Regarding your editorial against Baltimore County blocking affordable housing in Rosedale, my son has some college, works as an electrical journeyman and has held the same job for 10 years, has a credit score in the high 700s and owns his own car ("Just saying no isn't good enough," Nov. 20).

He also has two disabilities — narcolepsy and epilepsy.


He lives in a cramped, two-bedroom apartment with his wife and three kids and is on a waiting list for a three-bedroom apartment which they may not be able to afford.

He has never been arrested nor ever used or abused drugs. His wife also works. They make less than $60,000.00 a year.

They are the working poor. They can't afford a home that costs over $100,000. These are the people that Baltimore County has rejected.

In my neighborhood there is currently at least one house on every block that is empty and owned by the bank.

What a wonderful idea it would be to offer these empty homes to good people, with help from grants and low-interest loans. These wouldn't be Section 8. They would be for the good, honest, hard-working poor.

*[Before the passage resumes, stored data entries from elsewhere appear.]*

lemma mat_l1_sandwich: "mat_l1 (X ** \<rho> ** cadj Y) \<le> mat_l1 X * mat_l1 \<rho> * mat_l1 (Y::complex^'d^'d)"
proof -
  have "mat_l1 (X ** \<rho> ** cadj Y) \<le> mat_l1 (X ** \<rho>) * mat_l1 (cadj Y)" by (rule mat_l1_mult)
  also have "\<dots> \<le> mat_l1 X * mat_l1 \<rho> * mat_l1 Y"
    unfolding mat_l1_cadj by (intro mult_right_mono mat_l1_mult mat_l1_nonneg)
  finally show ?thesis .
qed

lemma Re_bdiag_sandwich_diff:
  fixes X Y \<rho> :: "complex^'d^'d"
  shows "\<bar>Re (bdiag U (X ** \<rho> ** cadj X) n) - Re (bdiag U (Y ** \<rho> ** cadj Y) n)\<bar>
    \<le> mat_l1 U * ((mat_l1 X + mat_l1 Y) * mat_l1 \<rho> * mat_l1 (X - Y)) * mat_l1 U"
proof -
  have split: "X ** \<rho> ** cadj X - Y ** \<rho> ** cadj Y = (X - Y) ** \<rho> ** cadj X + Y ** \<rho> ** cadj (X - Y)"
    by (simp add: matrix_diff_rdistrib matrix_diff_ldistrib cadj_diff)
  have "mat_l1 (X ** \<rho> ** cadj X - Y ** \<rho> ** cadj Y)
      \<le> mat_l1 ((X - Y) ** \<rho> ** cadj X) + mat_l1 (Y ** \<rho> ** cadj (X - Y))"
    unfolding split by (rule mat_l1_add)
  also have "\<dots> \<le> mat_l1 (X - Y) * mat_l1 \<rho> * mat_l1 X + mat_l1 Y * mat_l1 \<rho> * mat_l1 (X - Y)"
    by (intro add_mono mat_l1_sandwich)
  also have "\<dots> = (mat_l1 X + mat_l1 Y) * mat_l1 \<rho> * mat_l1 (X - Y)"
    by (simp add: algebra_simps)
  finally have bound: "mat_l1 (X ** \<rho> ** cadj X - Y ** \<rho> ** cadj Y)
      \<le> (mat_l1 X + mat_l1 Y) * mat_l1 \<rho> * mat_l1 (X - Y)" .
  have "bdiag U (X ** \<rho> ** cadj X) n - bdiag U (Y ** \<rho> ** cadj Y) n
      = bdiag U (X ** \<rho> ** cadj X - Y ** \<rho> ** cadj Y) n"
    unfolding bdiag_def by (simp only: matrix_diff_ldistrib matrix_diff_rdistrib vector_minus_component)
  then have "\<bar>Re (bdiag U (X ** \<rho> ** cadj X) n) - Re (bdiag U (Y ** \<rho> ** cadj Y) n)\<bar>
      = \<bar>Re (bdiag U (X ** \<rho> ** cadj X - Y ** \<rho> ** cadj Y) n)\<bar>"
    by (metis minus_complex.sel(1))
  also have "\<dots> \<le> mat_l1 U * mat_l1 (X ** \<rho> ** cadj X - Y ** \<rho> ** cadj Y) * mat_l1 U"
    by (rule abs_Re_bdiag_le)
  also have "\<dots> \<le> mat_l1 U * ((mat_l1 X + mat_l1 Y) * mat_l1 \<rho> * mat_l1 (X - Y)) * mat_l1 U"
    by (intro mult_left_mono mult_right_mono bound mat_l1_nonneg)
  finally show ?thesis .
qed
(* The triple $(X,\tau,\mathcal{P})$ is a $\mathcal{P}P$-space if and only if every essential ideal of $C(X)_\mathcal{P}$ is a $z$-ideal.
   Context: Let $(X,\tau)$ be a $T_1$ topological space and $\mathcal{P}$ an ideal of closed subsets of $X$ (a nonempty family of closed sets closed under finite unions and under taking closed subsets). For $f\colon X\to\mathbb{R}$, $D_f$ denotes the set of points of discontinuity of $f$, and $C(X)_\mathcal{P}=\{f\colon X\to\mathbb{R} : \overline{D_f}\in\mathcal{P}\}$, a commutative ring with unity under pointwise operations. $(X,\tau,\mathcal{P})$ is a $\mathcal{P}P$-space if $C(X)_\mathcal{P}$ is von Neumann regular. An ideal is essential if it intersects every nonzero ideal nontrivially. In a commutative ring, $M(a)$ is the intersection of all maximal ideals containing $a$; an ideal $I$ is a $z$-ideal if $a\in I\Rightarrow M(a)\subseteq I$. *)

theory Defs
  imports "HOL-Analysis.Analysis" "HOL-Algebra.Ideal"
begin

definition disc_points :: "'a topology \<Rightarrow> ('a \<Rightarrow> real) \<Rightarrow> 'a set" where
  "disc_points X f = {x \<in> topspace X. \<not> (\<forall>V. open V \<and> f x \<in> V \<longrightarrow>
        (\<exists>U. openin X U \<and> x \<in> U \<and> f ` U \<subseteq> V))}"

definition closed_ideal :: "'a topology \<Rightarrow> 'a set set \<Rightarrow> bool" where
  "closed_ideal X P \<longleftrightarrow> P \<noteq> {} \<and> (\<forall>A\<in>P. closedin X A)
     \<and> (\<forall>A\<in>P. \<forall>B\<in>P. A \<union> B \<in> P)
     \<and> (\<forall>A\<in>P. \<forall>B. closedin X B \<and> B \<subseteq> A \<longrightarrow> B \<in> P)"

I agree with some of the County Council's concerns. In the 1970s and '80s, Reisterstown had one of the county's highest concentrations of Section 8 housing until Steve Hvinding was killed and his family went on a rampage. There has got to be a better way.

Section 8 developments cater to the poorest of the poor, plus crime, unfortunately. However my idea would work better because it would put hard working, non-criminals in housing developments near their work or families. And if they own their own homes, they tend to take better care of them than renters.

I hope they do come up with a better solution. I would love for people like my son and his family to own their own home someday.